Thursday, January 27, 2011

Energy in the West

My drive home through Wyoming was long, cold, and oddly interesting. Yes, it is rather flat, and has long stretches without much of note to break the never ending view of sagebrush. But often what is out there is what's fueling our nation...
Sinclair is a small town on I-80, home and origin of the Sinclair oil company (yaknow, the green dinosaurs?) It has a large oil refinery, "company" housing for the workers there, and a gas station. There you can buy unleaded fresh from the pipes and without added ethanol (with no large urban centers in the state there are no rules about ethanol to reduce smog) which gets 3-5% higher MPG. This refinery is fueling most of the cars which drive by as the gas is trucked and piped all over the state and the west.

Then there is coal, along I-80 there is a stretch of open coal mining, where thick seams sit right below the surface. A huge dredge crane scrapes up piles of the stuff. With it's remote location, and the less than stellar quality of the coal it is not trucked nor trained off to big city plants. A plant near Rock Springs burns it and high tension lines transport it to the grids of Utah and Idaho. Electricity is much lighter to move than coal after all. Wyoming accounts for almost %40 of the nations coal production, and coal is still the major source of electricity for Americans.

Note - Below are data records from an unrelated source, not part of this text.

text \<open>Vertices of Omega_n: v_j is encoded as the integer j mod n in {0..<n}; clockwise
  order is increasing order of these labels (cyclically).
  A tuple (w_1,...,w_m), m = 2l+1, is encoded as a function w :: int => int; the entry
  w_q (paper index q, taken mod m) is  w (q mod m).  Only the values on {0..<m} matter.\<close>

definition semi_valid :: "int \<Rightarrow> int \<Rightarrow> (int \<Rightarrow> int) \<Rightarrow> bool" where
  "semi_valid n m w \<longleftrightarrow>
     (\<forall>p\<in>{0..<m}. 0 \<le> w p \<and> w p < n) \<and>
     inj_on w {0..<m} \<and>
     (\<exists>r. \<forall>t\<in>{0..<m-1}.
          w ((1 + 2*(r+t)) mod m) < w ((1 + 2*(r+t+1)) mod m))"

definition consecutive :: "int \<Rightarrow> int \<Rightarrow> (int \<Rightarrow> int) \<Rightarrow> int \<Rightarrow> int \<Rightarrow> bool" where
  "consecutive n m w i k \<longleftrightarrow>
     (\<exists>j. \<forall>s\<in>{0..<k}. w ((i + 2*s) mod m) = (j + s) mod n)"

text \<open>C_{i,k,d}: entries w_{i+2s} = v_{j+s} (0 <= s < k) are replaced by v_{j+s+d},
  i.e. by (w_{i+2s} + d) mod n; all other entries are kept.\<close>
definition shifted :: "int \<Rightarrow> int \<Rightarrow> (int \<Rightarrow> int) \<Rightarrow> int \<Rightarrow> int \<Rightarrow> int \<Rightarrow> (int \<Rightarrow> int)" where
  "shifted n m w i k d = (\<lambda>p. if \<exists>s\<in>{0..<k}. p = (i + 2*s) mod m
                               then (w p + d) mod n else w p)"

end

theory Submission
  imports Defs
begin

(* Read the entries of C in the order w_1, w_3, ..., w_{2l+1}, w_2, ..., w_{2l} in which
   semi-validity compares them; this is a sequence f on Z/(2l+1) whose values run clockwise
   around Omega_n.  Call t a break if f(t+1) is not the successor of f(t).  As C is not fully
   consecutive, every 2l consecutive steps contain a break, so some two breaks are at most l
   apart; between them lies a run of k <= l consecutive values, i.e. an (i,k)-consecutive
   block of C.  The values just before and just after a run enclosed by breaks are not
   attained at all, so shifting the run by one vertex in either direction keeps the values
   in clockwise order: C_{i,k,-1} and C_{i,k,1} are semi-valid. *)

definition stride2 :: "int \<Rightarrow> (int \<Rightarrow> int) \<Rightarrow> int \<Rightarrow> int" where
  "stride2 m w t = w ((1 + 2*t) mod m)"

definition cyclically_increasing :: "int \<Rightarrow> int \<Rightarrow> (int \<Rightarrow> int) \<Rightarrow> bool" where
  "cyclically_increasing n m f \<longleftrightarrow>
     (\<forall>t. 0 \<le> f t \<and> f t < n) \<and> (\<forall>a b. a mod m = b mod m \<longrightarrow> f a = f b) \<and>
     (\<exists>r. \<forall>t\<in>{0..<m-1}. f (r+t) < f (r+t+1))"

lemma chain_less:
  fixes v :: "int \<Rightarrow> int"
  assumes chain: "\<forall>t\<in>{0..<m-1}. v t < v (t+1)" and "0 \<le> x" "x < y" "y < m"
  shows "v x < v y"
  using \<open>x < y\<close> \<open>y < m\<close>
proof (induction y rule: int_gr_induct)
  case base
  then show ?case using chain \<open>0 \<le> x\<close> by simp
next
  case (step y)
  then have "v x < v y" and "v y < v (y + 1)" using chain \<open>0 \<le> x\<close> by auto
  then show ?case by simp
qed

lemma chain_le:
  fixes v :: "int \<Rightarrow> int"
  assumes "\<forall>t\<in>{0..<m-1}. v t < v (t+1)" and "0 \<le> x" "x \<le> y" "y < m"
  shows "v x \<le> v y"
  using chain_less[OF assms(1), of x y] assms(2-4) by (cases "x = y") auto

lemma cyclically_increasing_range:
  "cyclically_increasing n m f \<Longrightarrow> 0 \<le> f t \<and> f t < n"
  unfolding cyclically_increasing_def by blast

lemma cyclically_increasing_periodic:
  "cyclically_increasing n m f \<Longrightarrow> a mod m = b mod m \<Longrightarrow> f a = f b"
  unfolding cyclically_increasing_def by blast

lemma cyclically_increasing_chainE:
  assumes "cyclically_increasing n m f"
  obtains r where "\<forall>t\<in>{0..<m-1}. f (r+t) < f (r+t+1)"
  using assms unfolding cyclically_increasing_def by blast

The other big source is Natural gas. Now in many places natural gas production is simply part of oil drilling, but our demand has exceeded those easy supplies and so we have turned to coal seams and fractured underground rock layers. The geology of the state is actually fascinating, and makes for the importance of fossil fuels here. Sadly however, as the BLM has been offering up leases in areas that were formerly wild, they have relaxed rules on environmental impacts and the clean up of sites. Many areas that are important game and stock range and being crisscrossed with dirt roads large enough for heavy equipment and ponds of contaminated liquids related to drilling and pumping. The burning of natural gas is relatively quite clean, but with lax regulation the drilling has not been.

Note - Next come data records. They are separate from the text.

lemma gen_matrix_genL_row_sum:
  fixes a :: "'x::finite list"
  assumes a: "a \<in> configs N"
  shows "(\<Sum>b\<in>configs N. gen_matrix (genL K AN N) a b) = 0"
proof -
  let ?F = "\<lambda>i y b. if y = a ! i then 0 else
    ((if a[i := y] = b then 1 else 0) - (if a = b then 1 else 0)) * rateQ K AN N (emp N a) (a ! i) y"
  have finite: "finite (configs N :: 'x list set)" by (rule finite_configs)
  have "(\<Sum>b\<in>configs N. ?F i y b) = 0" for i y
  proof (cases "y = a ! i")
    case False
    have "a[i := y] \<in> configs N" using a by (simp add: configs_def)
    then have "(\<Sum>b\<in>configs N. if a[i := y] = b then 1 else 0) = (1::real)"
      using finite by (simp add: sum.delta)
    moreover have "(\<Sum>b\<in>configs N. if a = b then 1 else 0) = (1::real)"
      using a finite by (simp add: sum.delta)
    moreover have "(\<Sum>b\<in>configs N. ?F i y b)
        = ((\<Sum>b\<in>configs N. if a[i := y] = b then 1 else 0) - (\<Sum>b\<in>configs N. if a = b then 1 else 0))
          * rateQ K AN N (emp N a) (a ! i) y"
      using False by (simp only: if_False sum_distrib_right[symmetric] sum_subtractf)
    ultimately show ?thesis by simp
  qed simp
  moreover have "(\<Sum>b\<in>configs N. gen_matrix (genL K AN N) a b)
      = (\<Sum>i<N. \<Sum>y\<in>UNIV. \<Sum>b\<in>configs N. ?F i y b)"
    unfolding gen_matrix_genL by (subst sum.swap) (intro sum.cong refl, rule sum.swap)
  ultimately show ?thesis by simp
qed

lemma gen_matrix_genL_nonzero_imp_update:
  assumes "gen_matrix (genL K AN N) a b \<noteq> 0" "a \<noteq> b"
  shows "\<exists>i<N. \<exists>y. y \<noteq> a ! i \<and> b = a[i := y]"
proof (rule ccontr)
  assume "\<not> ?thesis"
  then have "gen_matrix (genL K AN N) a b = 0"
    unfolding gen_matrix_genL using assms(2) by (intro sum.neutral ballI) auto
  then show False using assms(1) by simp
qed

section \<open>Uniform bounds on the jump rates\<close>

lemma norm_le_1_if_prob_vecs: "\<mu> \<in> prob_vecs \<Longrightarrow> norm (\<mu> :: real ^ 'x::finite) \<le> 1"
  using norm_le_l1_cart[of \<mu>] unfolding prob_vecs_def by simp

lemma prob_vecs_compact: "compact (prob_vecs :: (real ^ 'x::finite) set)"
proof -
  have "closed (prob_vecs :: (real ^ 'x) set)"
    unfolding prob_vecs_def
    by (intro closed_Collect_conj closed_Collect_all closed_Collect_le closed_Collect_eq
        continuous_intros continuous_on_component continuous_on_id)
  moreover have "bounded (prob_vecs :: (real ^ 'x) set)"
    using norm_le_1_if_prob_vecs by (intro boundedI) blast
  ultimately show ?thesis by (simp add: compact_eq_bounded_closed)
qed

lemma prob_vecs_convex: "convex (prob_vecs :: (real ^ 'x::finite) set)"
  unfolding convex_def
proof (intro ballI allI impI)
  fix \<mu> \<nu> :: "real ^ 'x" and u v :: real
  assume "\<mu> \<in> prob_vecs" "\<nu> \<in> prob_vecs" "0 \<le> u" "0 \<le> v" "u + v = 1"
  then show "u *\<^sub>R \<mu> + v *\<^sub>R \<nu> \<in> prob_vecs"
    unfolding prob_vecs_def by (simp add: sum.distrib sum_distrib_left[symmetric])
qed

lemma C2_on_bounded_on_prob_vecs:
  fixes S :: "(real ^ 'x::finite) set" and f :: "real ^ 'x \<Rightarrow> real"
  assumes "prob_vecs \<subseteq> S" "C2_on S f"
  shows "\<exists>B. \<forall>\<mu>\<in>prob_vecs. \<bar>f \<mu>\<bar> \<le> B"
proof -
  obtain f' where f': "\<forall>\<mu>\<in>S. (f has_derivative blinfun_apply (f' \<mu>)) (at \<mu>)"
    using assms(2) unfolding C2_on_def by blast
  have "continuous_on prob_vecs f"
  proof (rule continuous_at_imp_continuous_on, rule ballI)
    fix \<mu> :: "real ^ 'x" assume "\<mu> \<in> prob_vecs"
    then show "isCont f \<mu>" using assms(1) f' has_derivative_continuous by blast
  qed
  then have "bounded (f ` prob_vecs)"
    by (intro compact_imp_bounded compact_continuous_image prob_vecs_compact)
  then obtain B where "\<forall>y\<in>f ` prob_vecs. norm y \<le> B" by (meson bounded_iff)
  then show ?thesis by auto
qed

lemma C2_on_lipschitz_on_prob_vecs:
  fixes S :: "(real ^ 'x::finite) set" and f :: "real ^ 'x \<Rightarrow> real"
  assumes "prob_vecs \<subseteq> S" "C2_on S f"
  shows "\<exists>B. \<forall>\<mu>\<in>prob_vecs. \<forall>\<nu>\<in>prob_vecs. \<bar>f \<nu> - f \<mu>\<bar> \<le> B * norm (\<nu> - \<mu>)"
proof -
  obtain f' f'' where f': "\<forall>\<mu>\<in>S. (f has_derivative blinfun_apply (f' \<mu>)) (at \<mu>)"
    and f'': "\<forall>\<mu>\<in>S. (f' has_derivative blinfun_apply (f'' \<mu>)) (at \<mu>)"
    using assms(2) unfolding C2_on_def by blast
  have "continuous_on prob_vecs f'"
  proof (rule continuous_at_imp_continuous_on, rule ballI)
    fix \<mu> :: "real ^ 'x" assume "\<mu> \<in> prob_vecs"
    then show "isCont f' \<mu>" using assms(1) f'' has_derivative_continuous by blast
  qed
  then have "bounded (f' ` prob_vecs)"
    by (intro compact_imp_bounded compact_continuous_image prob_vecs_compact)
  then obtain B where B: "\<forall>y\<in>f' ` prob_vecs. norm y \<le> B" by (meson bounded_iff)
  have "\<bar>f \<nu> - f \<mu>\<bar> \<le> B * norm (\<nu> - \<mu>)" if \<mu>: "\<mu> \<in> prob_vecs" and \<nu>: "\<nu> \<in> prob_vecs" for \<mu> \<nu>
  proof -
    have "norm (f \<nu> - f \<mu>) \<le> B * norm (\<nu> - \<mu>)"
    proof (rule differentiable_bound[OF prob_vecs_convex _ _ \<nu> \<mu>])
      fix y :: "real ^ 'x" assume "y \<in> prob_vecs"
      then have "y \<in> S" using assms(1) by blast
      then show "(f has_derivative blinfun_apply (f' y)) (at y within prob_vecs)"
        using f' has_derivative_at_withinI by blast
    next
      fix y :: "real ^ 'x" assume "y \<in> prob_vecs"
      then show "onorm (blinfun_apply (f' y)) \<le> B" using B by (simp add: norm_blinfun.rep_eq)
    qed
    then show ?thesis by simp
  qed
  then show ?thesis by blast
qed

lemma abs_mult_diff_le:
  fixes a b u v :: real
  shows "\<bar>a * u - b * v\<bar> \<le> \<bar>a - b\<bar> * \<bar>u\<bar> + \<bar>b\<bar> * \<bar>u - v\<bar>"
proof -
  have "\<bar>a * u - b * v\<bar> = \<bar>(a - b) * u + b * (u - v)\<bar>" by (simp add: algebra_simps)
  then show ?thesis by (metis abs_mult abs_triangle_ineq)
qed

lemma component_mult_lipschitz_le:
  fixes f :: "real ^ 'x::finite \<Rightarrow> real"
  assumes \<mu>: "\<mu> \<in> prob_vecs" and bound: "\<bar>f \<nu>\<bar> \<le> B"
    and lip: "\<bar>f \<nu> - f \<mu>\<bar> \<le> B' * norm (\<nu> - \<mu>)"
  shows "\<bar>\<nu> $ z * f \<nu> - \<mu> $ z * f \<mu>\<bar> \<le> (\<bar>B\<bar> + \<bar>B'\<bar>) * norm (\<nu> - \<mu>)"
proof -
  let ?n = "norm (\<nu> - \<mu>)"
  have "\<bar>\<nu> $ z - \<mu> $ z\<bar> \<le> ?n" using component_le_norm_cart[of "\<nu> - \<mu>" z] by simp
  moreover have "\<bar>f \<nu>\<bar> \<le> \<bar>B\<bar>" using bound by linarith
  moreover have "\<bar>\<mu> $ z\<bar> \<le> 1"
    using norm_le_1_if_prob_vecs[OF \<mu>] component_le_norm_cart[of \<mu> z] by linarith
  moreover have "\<bar>f \<nu> - f \<mu>\<bar> \<le> \<bar>B'\<bar> * ?n"
  proof -
    have "B' * ?n \<le> \<bar>B'\<bar> * ?n" by (intro mult_right_mono) auto
    then show ?thesis using lip by linarith
  qed
  ultimately have "\<bar>\<nu> $ z - \<mu> $ z\<bar> * \<bar>f \<nu>\<bar> + \<bar>\<mu> $ z\<bar> * \<bar>f \<nu> - f \<mu>\<bar> \<le> ?n * \<bar>B\<bar> + 1 * (\<bar>B'\<bar> * ?n)"
    by (intro add_mono mult_mono) auto
  moreover have "?n * \<bar>B\<bar> + 1 * (\<bar>B'\<bar> * ?n) = (\<bar>B\<bar> + \<bar>B'\<bar>) * ?n" by (simp add: algebra_simps)
  ultimately show ?thesis using abs_mult_diff_le[of "\<nu> $ z" "f \<nu>" "\<mu> $ z" "f \<mu>"] by linarith
qed

lemma energy_lipschitz_on_prob_vecs:
  fixes K :: "'x::finite \<Rightarrow> real ^ 'x \<Rightarrow> real"
  assumes "\<exists>S. open S \<and> prob_vecs \<subseteq> S \<and> (\<forall>z. C2_on S (K z))"
  shows "\<exists>C. \<forall>\<mu>\<in>prob_vecs. \<forall>\<nu>\<in>prob_vecs. \<bar>energy K \<nu> - energy K \<mu>\<bar> \<le> C * norm (\<nu> - \<mu>)"
proof -
  obtain S :: "(real ^ 'x) set" where S: "prob_vecs \<subseteq> S" "\<forall>z. C2_on S (K z)"
    using assms by blast
  have "\<forall>z. \<exists>B. \<forall>\<mu>\<in>prob_vecs. \<forall>\<nu>\<in>prob_vecs. \<bar>K z \<nu> - K z \<mu>\<bar> \<le> B * norm (\<nu> - \<mu>)"
    using C2_on_lipschitz_on_prob_vecs[OF S(1)] S(2) by blast
  then obtain Bl where Bl: "\<forall>z. \<forall>\<mu>\<in>prob_vecs. \<forall>\<nu>\<in>prob_vecs. \<bar>K z \<nu> - K z \<mu>\<bar> \<le> Bl z * norm (\<nu> - \<mu>)"
    by metis
  have "\<forall>z. \<exists>B. \<forall>\<mu>\<in>prob_vecs. \<bar>K z \<mu>\<bar> \<le> B"
    using C2_on_bounded_on_prob_vecs[OF S(1)] S(2) by blast
  then obtain Bk where Bk: "\<forall>z. \<forall>\<mu>\<in>prob_vecs. \<bar>K z \<mu>\<bar> \<le> Bk z"
    by metis
  have "\<bar>energy K \<nu> - energy K \<mu>\<bar> \<le> (\<Sum>z\<in>UNIV. \<bar>Bk z\<bar> + \<bar>Bl z\<bar>) * norm (\<nu> - \<mu>)"
    if \<mu>: "\<mu> \<in> prob_vecs" and \<nu>: "\<nu> \<in> prob_vecs" for \<mu> \<nu>
  proof -
    have "\<bar>energy K \<nu> - energy K \<mu>\<bar> \<le> (\<Sum>z\<in>UNIV. \<bar>\<nu> $ z * K z \<nu> - \<mu> $ z * K z \<mu>\<bar>)"
      unfolding energy_def sum_subtractf[symmetric] by (rule sum_abs)
    also have "\<dots> \<le> (\<Sum>z\<in>UNIV. (\<bar>Bk z\<bar> + \<bar>Bl z\<bar>) * norm (\<nu> - \<mu>))"
      using Bk Bl \<mu> \<nu> by (intro sum_mono component_mult_lipschitz_le) auto
    finally show ?thesis by (simp add: sum_distrib_right)
  qed
  then show ?thesis by blast
qed

lemma lipschitz_matrices_bounded_on_prob_vecs:
  fixes A :: "real ^ 'x::finite \<Rightarrow> 'x \<Rightarrow> 'x \<Rightarrow> real"
  assumes "\<exists>C. \<forall>\<mu>\<in>prob_vecs. \<forall>\<nu>\<in>prob_vecs. \<forall>y z. \<bar>A \<mu> y z - A \<nu> y z\<bar> \<le> C * norm (\<mu> - \<nu>)"
  shows "\<exists>B\<ge>0. \<forall>\<mu>\<in>prob_vecs. \<forall>y z. A \<mu> y z \<le> B"
proof -
  obtain C where C: "\<forall>\<mu>\<in>prob_vecs. \<forall>\<nu>\<in>prob_vecs. \<forall>y z. \<bar>A \<mu> y z - A \<nu> y z\<bar> \<le> C * norm (\<mu> - \<nu>)"
    using assms by blast
  define \<mu>0 :: "real ^ 'x" where "\<mu>0 = (\<chi> z. 1 / real CARD('x))"
  have \<mu>0: "\<mu>0 \<in> prob_vecs" unfolding \<mu>0_def prob_vecs_def by simp
  define B0 where "B0 = (\<Sum>y\<in>UNIV. \<Sum>z\<in>UNIV. \<bar>A \<mu>0 y z\<bar>)"
  have "A \<mu> y z \<le> B0 + 2 * \<bar>C\<bar>" if \<mu>: "\<mu> \<in> prob_vecs" for \<mu> y z
  proof -
    have "\<bar>A \<mu>0 y z\<bar> \<le> (\<Sum>z\<in>UNIV. \<bar>A \<mu>0 y z\<bar>)" by (rule member_le_sum) auto
    also have "\<dots> \<le> B0" unfolding B0_def by (rule member_le_sum) (auto intro: sum_nonneg)
    finally have A0: "\<bar>A \<mu>0 y z\<bar> \<le> B0" .
    have "norm (\<mu> - \<mu>0) \<le> 2"
      using norm_triangle_ineq4[of \<mu> \<mu>0] norm_le_1_if_prob_vecs[OF \<mu>] norm_le_1_if_prob_vecs[OF \<mu>0]
      by linarith
    have "\<bar>A \<mu> y z - A \<mu>0 y z\<bar> \<le> C * norm (\<mu> - \<mu>0)" using C \<mu> \<mu>0 by blast
    also have "\<dots> \<le> \<bar>C\<bar> * norm (\<mu> - \<mu>0)" by (intro mult_right_mono) auto
    also have "\<dots> \<le> \<bar>C\<bar> * 2" using \<open>norm (\<mu> - \<mu>0) \<le> 2\<close> by (intro mult_left_mono) auto
    finally show ?thesis using A0 by linarith
  qed
  moreover have "0 \<le> B0 + 2 * \<bar>C\<bar>" unfolding B0_def by (simp add: sum_nonneg)
  ultimately show ?thesis by blast
qed

lemma rate_exponent_le:
  fixes K :: "'x::finite \<Rightarrow> real ^ 'x \<Rightarrow> real"
  assumes C: "\<forall>\<mu>\<in>prob_vecs. \<forall>\<nu>\<in>prob_vecs. \<bar>energy K \<nu> - energy K \<mu>\<bar> \<le> C * norm (\<nu> - \<mu>)"
    and N: "1 \<le> N" and a: "length a = N" "i < N" "y \<noteq> a ! i"
  shows "- (real N / 2) * (energy K (emp N a + (axis y 1 - axis (a ! i) 1) /\<^sub>R real N)
           - energy K (emp N a)) \<le> \<bar>C\<bar>"
proof -
  let ?\<mu> = "emp N a" and ?\<nu> = "emp N (a[i := y])"
  have \<nu>: "?\<nu> = ?\<mu> + (axis y 1 - axis (a ! i) 1) /\<^sub>R real N" by (rule emp_update[OF a])
  have N_pos: "0 < real N" using N by simp
  have "norm (axis y 1 - axis (a ! i) 1 :: real ^ 'x) \<le> 2"
    using norm_triangle_ineq4[of "axis y 1 :: real ^ 'x" "axis (a ! i) 1"] by (simp add: norm_axis_1)
  moreover have "norm (?\<nu> - ?\<mu>) = norm (axis y 1 - axis (a ! i) 1 :: real ^ 'x) / real N"
    unfolding \<nu> using N_pos by (simp add: divide_inverse mult.commute)
  ultimately have n: "norm (?\<nu> - ?\<mu>) \<le> 2 / real N"
    using N_pos by (simp add: divide_right_mono)
  have "\<bar>energy K ?\<nu> - energy K ?\<mu>\<bar> \<le> C * norm (?\<nu> - ?\<mu>)"
    using C emp_in_prob_vecs[OF N] by blast
  also have "\<dots> \<le> \<bar>C\<bar> * norm (?\<nu> - ?\<mu>)" by (intro mult_right_mono) auto
  also have "\<dots> \<le> \<bar>C\<bar> * (2 / real N)" using n by (intro mult_left_mono) auto
  finally have "\<bar>energy K ?\<nu> - energy K ?\<mu>\<bar> \<le> \<bar>C\<bar> * (2 / real N)" .
  then have "real N / 2 * \<bar>energy K ?\<nu> - energy K ?\<mu>\<bar> \<le> \<bar>C\<bar>"
    using N_pos by (simp add: field_simps)
  moreover have "real N / 2 * (- (energy K ?\<nu> - energy K ?\<mu>))
      \<le> real N / 2 * \<bar>energy K ?\<nu> - energy K ?\<mu>\<bar>"
    by (intro mult_left_mono) auto
  ultimately show ?thesis unfolding \<nu> by linarith
qed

And a sight that brings me great joy! Ridges dotted with lines of wind generators spinning wildly in the almost constant wind. The power from these joins the I-25 corridor grid, and when you buy "renewable credits" you are funding the utilities investments in wind and solar farms. These are not without any impact on the area, a road must be built to construct the pylons, but after they're running they need only occasional maintenance. There has been concerns about birds, but the small number who are broadsided by a spinning blade is comparable to number who drown in contaminated ponds related to oil and gas drilling, or suffer the effects of pollution. Around the base of these wild animals and stock graze unmolested, and many are built on private land offering an important source of income to farmers and ranchers.
The future of energy in this country can be seen in a trip across the windy state of Wyoming, it will be a mix of sources, and work must be done to see that they get always cleaner and more responsible!